_TASK OBJECTIVE_
In the entries below, find the line containing "from f[rule_format, OF" and the line containing "(matrix (\<lambda>x. \<chi>". Copy those two lines and everything between them exactly, and only that.
□ □ □
text \<open>\<open>Change_Of_Vars\<close> proves this only for index types of class \<open>wellorder\<close>.\<close>

proposition
  fixes f :: "real^'n \<Rightarrow> real^'n"
  assumes "linear f" and "S \<in> lmeasurable"
  shows lmeasurable_linear_image_cart: "f ` S \<in> lmeasurable"
    and measure_linear_image_cart:
      "measure lebesgue (f ` S) = \<bar>det (matrix f)\<bar> * measure lebesgue S"
proof -
  let ?P = "\<lambda>f::real^'n \<Rightarrow> real^'n. \<forall>S \<in> lmeasurable.
    f ` S \<in> lmeasurable \<and> measure lebesgue (f ` S) = \<bar>det (matrix f)\<bar> * measure lebesgue S"
  have "?P f"
  proof (rule induct_linear_elementary[OF \<open>linear f\<close>]; intro ballI)
    fix f g :: "real^'n \<Rightarrow> real^'n" and S :: "(real^'n) set"
    assume "linear f" "linear g" and f: "?P f" and g: "?P g" and S: "S \<in> lmeasurable"
    with g have gS: "g ` S \<in> lmeasurable" by blast
    from f[rule_format, OF gS] g[rule_format, OF S] show "(f \<circ> g) ` S \<in> lmeasurable \<and>
        measure lebesgue ((f \<circ> g) ` S) = \<bar>det (matrix (f \<circ> g))\<bar> * measure lebesgue S"
      using matrix_compose[OF \<open>linear g\<close> \<open>linear f\<close>]
      by (simp add: image_comp abs_mult det_mul)
  next
    fix f :: "real^'n \<Rightarrow> real^'n" and i and S :: "(real^'n) set"
    assume "linear f" and "\<And>x. f x $ i = 0"
    then have "\<not> inj f"
      by (metis (full_types) linear_injective_imp_surjective one_neq_zero surjE vec_component)
    then have "det (matrix f) = 0"
      using det_nz_iff_inj[OF \<open>linear f\<close>] by blast
    moreover have "negligible (f ` S)"
      using negligible_linear_singular_image[OF \<open>linear f\<close> \<open>\<not> inj f\<close>] .
    ultimately show "f ` S \<in> lmeasurable \<and>
        measure lebesgue (f ` S) = \<bar>det (matrix f)\<bar> * measure lebesgue S"
      by (simp add: negligible_imp_measurable negligible_imp_measure0)
  next
    fix c :: "'n \<Rightarrow> real" and S :: "(real^'n) set"
    assume "S \<in> lmeasurable"
    then show "(\<lambda>x. \<chi> i. c i * x $ i) ` S \<in> lmeasurable \<and>
        measure lebesgue ((\<lambda>x. \<chi> i. c i * x $ i) ` S)
          = \<bar>det (matrix (\<lambda>x. \<chi> i. c i * x $ i))\<bar> * measure lebesgue S"
      by (simp add: measurable_stretch measure_stretch axis_def matrix_def det_diagonal)
  next
    fix m n :: 'n and S :: "(real^'n) set"
    assume "m \<noteq> n" and S: "S \<in> lmeasurable"
    let ?h = "\<lambda>x::real^'n. \<chi> i. x $ Transposition.transpose m n i"
    have lin: "linear ?h"
      by (rule linearI) (simp_all add: plus_vec_def scaleR_vec_def)
    show "?h ` S \<in> lmeasurable \<and>
        measure lebesgue (?h ` S) = \<bar>det (matrix ?h)\<bar> * measure lebesgue S"
      using measure_linear_sufficient[OF lin S] measure_swap_coordinates_cbox[of m n]
        abs_det_matrix_swap_coordinates[of m n]
      by force
  next
    fix m n :: 'n and S :: "(real^'n) set"
    assume "m \<noteq> n" and S: "S \<in> lmeasurable"
    let ?h = "\<lambda>x::real^'n. \<chi> i. if i = m then x$m + x$n else x$i"
    have lin: "linear ?h"
      by (rule linearI) (auto simp: algebra_simps vec_eq_iff)
    show "?h ` S \<in> lmeasurable \<and>
        measure lebesgue (?h ` S) = \<bar>det (matrix ?h)\<bar> * measure lebesgue S"
      using measure_linear_sufficient[OF lin S] measure_shear_cbox[OF \<open>m \<noteq> n\<close>]
        det_matrix_shear[OF \<open>m \<noteq> n\<close>]
      by force
  qed
  with \<open>S \<in> lmeasurable\<close> show "f ` S \<in> lmeasurable"
      "measure lebesgue (f ` S) = \<bar>det (matrix f)\<bar> * measure lebesgue S"
    by auto
qed
lemma mv_differentiable_atI:
  fixes T :: "real^'n \<Rightarrow> (real^'n) set"
  assumes "\<And>e. 0 < e \<Longrightarrow> \<forall>\<^sub>F R in at_right 0.
      \<forall>x \<xi>. 2 * dist x x0 \<le> R \<longrightarrow> \<xi> \<in> T x \<longrightarrow> norm (\<xi> - (A *v x + b)) \<le> e * R"
  shows "mv_differentiable_at T x0"
  unfolding mv_differentiable_at_def
proof (intro exI[of _ A] exI[of _ b] allI impI)
  fix e :: real assume "0 < e"
  then obtain \<delta> where \<delta>: "0 < \<delta>" and small: "\<And>R x \<xi>. 0 < R \<Longrightarrow> R < \<delta> \<Longrightarrow> 2 * dist x x0 \<le> R \<Longrightarrow>
      \<xi> \<in> T x \<Longrightarrow> norm (\<xi> - (A *v x + b)) \<le> e / 2 * R"
    using assms[of "e / 2"] by (auto simp: eventually_at_right_field)
  show "\<exists>\<delta>>0. \<forall>x \<xi>. dist x x0 < \<delta> \<longrightarrow> \<xi> \<in> T x \<longrightarrow> norm (\<xi> - (A *v x + b)) \<le> e * dist x x0"
  proof (intro exI[of _ "\<delta> / 2"] conjI allI impI)
    fix x \<xi> assume x: "dist x x0 < \<delta> / 2" and \<xi>: "\<xi> \<in> T x"
    have "norm (\<xi> - (A *v x + b)) / (e / 2) \<le> 2 * dist x x0"
    proof (rule dense_ge_bounded)
      show "2 * dist x x0 < \<delta>"
        using x by simp
      fix R assume "2 * dist x x0 < R" "R < \<delta>"
      then show "norm (\<xi> - (A *v x + b)) / (e / 2) \<le> R"
        using small[of R x \<xi>] \<xi> \<open>0 < e\<close> zero_le_dist[of x x0]
        by (simp add: divide_le_eq mult.commute)
    qed
    then show "norm (\<xi> - (A *v x + b)) \<le> e * dist x x0"
      using \<open>0 < e\<close> by (simp add: divide_le_eq mult.commute)
  qed (simp add: \<delta>)
qed
lemma state_map_inverse:
  assumes q: "q \<in> Q"
  shows "state_map S t out q \<in> Bij (lists S) \<and> inv\<^bsub>BG\<^esub> (state_map S t out q) = state_map S t' out' (j2 q)"
proof -
  have "j2 q \<in> Q'" using q by (simp add: Q'_def)
  then have "induced t out q w \<in> lists S" "induced t' out' (j2 q) w \<in> lists S" if "w \<in> lists S" for w
    using expanding_induced[OF invertible_synchronous_is_expanding[OF invertible] q that]
      expanding_induced[OF extension_expanding _ that] by auto
  then show ?thesis
    using Bij_inverse_pair[of "state_map S t out q" "lists S" "state_map S t' out' (j2 q)"]
      induced_j2_left[OF q] induced_j2_right[OF q]
    by (auto simp: state_map_def image_subset_iff)
qed

lemma extension_states:
  "state_map S t' out' ` Q' =
     insert \<one>\<^bsub>BG\<^esub> (state_map S t out ` Q \<union> (\<lambda>f. inv\<^bsub>BG\<^esub> f) ` state_map S t out ` Q)"
proof -
  have "state_map S t' out' z = \<one>\<^bsub>BG\<^esub>"
    using induced_z by (auto simp: state_map_def BijGroup_simps)
  moreover have "state_map S t' out' (j1 q) = state_map S t out q" if "q \<in> Q" for q
    using induced_j1[OF that] by (auto simp: state_map_def)
  ultimately show ?thesis using state_map_inverse
    by (simp add: Q'_def image_Un image_image cong: image_cong)
qed

lemma generate_Bij: "generate BG (state_map S t out ` Q) \<subseteq> Bij (lists S)"
proof -
  have "state_map S t out ` Q \<subseteq> carrier BG" using state_map_inverse by (auto simp: BijGroup_simps)
  then show ?thesis using group.generate_incl[OF group_BijGroup] by (simp add: BijGroup_simps)
qed

lemma extension_generates:
  "gen_semigroup (lists S) (state_map S t' out' ` Q') = generate BG (state_map S t out ` Q)"
proof -
  let ?F = "state_map S t out ` Q" and ?F' = "state_map S t' out' ` Q'"
  have F_Bij: "?F \<subseteq> carrier BG" using state_map_inverse by (auto simp: BijGroup_simps)
  have F'_gen: "?F' \<subseteq> generate BG ?F"
    unfolding extension_states by (auto intro: generate.intros)
  then have "generate BG ?F' \<subseteq> generate BG ?F"
    by (rule group.generate_subgroup_incl[OF group_BijGroup _ group.generate_is_subgroup[OF group_BijGroup F_Bij]])
  moreover have "generate BG ?F \<subseteq> generate BG ?F'"
    by (rule group.mono_generate[OF group_BijGroup]) (auto simp: extension_states)
  moreover have "generate BG ?F' = gen_semigroup (lists S) ?F'"
  proof (rule generate_BijGroup_eq_gen_semigroup)
    show "?F' \<subseteq> Bij (lists S)" using F'_gen generate_Bij by blast
    show "(\<lambda>x\<in>lists S. x) \<in> gen_semigroup (lists S) ?F'"
      by (rule gen_semigroup.base) (simp add: extension_states BijGroup_simps)
    show "inv\<^bsub>BG\<^esub> f \<in> gen_semigroup (lists S) ?F'" if "f \<in> ?F'" for f
    proof (rule gen_semigroup.base)
      have "inv\<^bsub>BG\<^esub> (inv\<^bsub>BG\<^esub> (state_map S t out q)) = state_map S t out q" if "q \<in> Q" for q
        using F_Bij that group.inv_inv[OF group_BijGroup] by blast
      then show "inv\<^bsub>BG\<^esub> f \<in> ?F'"
        using that monoid.inv_one[OF group.is_monoid[OF group_BijGroup]]
        unfolding extension_states by auto
    qed
  qed
  ultimately show ?thesis by simp
qed

lemma extension_iso: "(\<lambda>f. f) \<in> iso (automaton_group_of Q S t out) (automaton_semigroup_of Q' S t' out')"
proof (rule isoI)
  have carriers: "carrier (automaton_group_of Q S t out) = generate BG (state_map S t out ` Q)"
    "carrier (automaton_semigroup_of Q' S t' out') = generate BG (state_map S t out ` Q)"
    using extension_generates
    by (simp_all add: automaton_group_of_def automaton_semigroup_of_def map_semigroup_def)
  then show "bij_betw (\<lambda>f. f) (carrier (automaton_group_of Q S t out)) (carrier (automaton_semigroup_of Q' S t' out'))"
    by (simp add: bij_betw_def)
  show "(\<lambda>f. f) \<in> hom (automaton_group_of Q S t out) (automaton_semigroup_of Q' S t' out')"
  proof (rule homI)
    fix f g assume "f \<in> carrier (automaton_group_of Q S t out)" "g \<in> carrier (automaton_group_of Q S t out)"
    then have "f \<in> Bij (lists S)" "g \<in> Bij (lists S)" using carriers generate_Bij by auto
    then show "f \<otimes>\<^bsub>automaton_group_of Q S t out\<^esub> g = f \<otimes>\<^bsub>automaton_semigroup_of Q' S t' out'\<^esub> g"
      by (simp add: automaton_group_of_def automaton_semigroup_of_def map_semigroup_def BijGroup_simps)
  qed (use carriers in simp)
qed

end

lemma automaton_group_is_expanding_semigroup:
  fixes Q :: "'q set" and z :: 'r and j1 j2 :: "'q \<Rightarrow> 'r"
  assumes "invertible_synchronous_automaton Q S t out" "inj j1" "inj j2"
    "z \<notin> range j1" "z \<notin> range j2" "range j1 \<inter> range j2 = {}"
    "G \<cong> automaton_group_of Q S t out"
  shows "\<exists>t' out'. expanding_automaton (insert z (j1 ` Q \<union> j2 ` Q)) S t' out' \<and>
     G \<cong> automaton_semigroup_of (insert z (j1 ` Q \<union> j2 ` Q)) S t' out'"
proof -
  interpret symmetric_extension Q S t out z j1 j2
    using assms(1-6) by (simp add: symmetric_extension_def)
  show ?thesis
    using extension_expanding is_isoI[OF extension_iso] assms(7) iso_trans unfolding Q'_def by blast
qed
□ □ □
_RESPONSE BOX_
    from f[rule_format, OF gS] g[rule_format, OF S] show "(f \<circ> g) ` S \<in> lmeasurable \<and>
        measure lebesgue ((f \<circ> g) ` S) = \<bar>det (matrix (f \<circ> g))\<bar> * measure lebesgue S"
      using matrix_compose[OF \<open>linear g\<close> \<open>linear f\<close>]
      by (simp add: image_comp abs_mult det_mul)
  next
    fix f :: "real^'n \<Rightarrow> real^'n" and i and S :: "(real^'n) set"
    assume "linear f" and "\<And>x. f x $ i = 0"
    then have "\<not> inj f"
      by (metis (full_types) linear_injective_imp_surjective one_neq_zero surjE vec_component)
    then have "det (matrix f) = 0"
      using det_nz_iff_inj[OF \<open>linear f\<close>] by blast
    moreover have "negligible (f ` S)"
      using negligible_linear_singular_image[OF \<open>linear f\<close> \<open>\<not> inj f\<close>] .
    ultimately show "f ` S \<in> lmeasurable \<and>
        measure lebesgue (f ` S) = \<bar>det (matrix f)\<bar> * measure lebesgue S"
      by (simp add: negligible_imp_measurable negligible_imp_measure0)
  next
    fix c :: "'n \<Rightarrow> real" and S :: "(real^'n) set"
    assume "S \<in> lmeasurable"
    then show "(\<lambda>x. \<chi> i. c i * x $ i) ` S \<in> lmeasurable \<and>
        measure lebesgue ((\<lambda>x. \<chi> i. c i * x $ i) ` S)
          = \<bar>det (matrix (\<lambda>x. \<chi> i. c i * x $ i))\<bar> * measure lebesgue S"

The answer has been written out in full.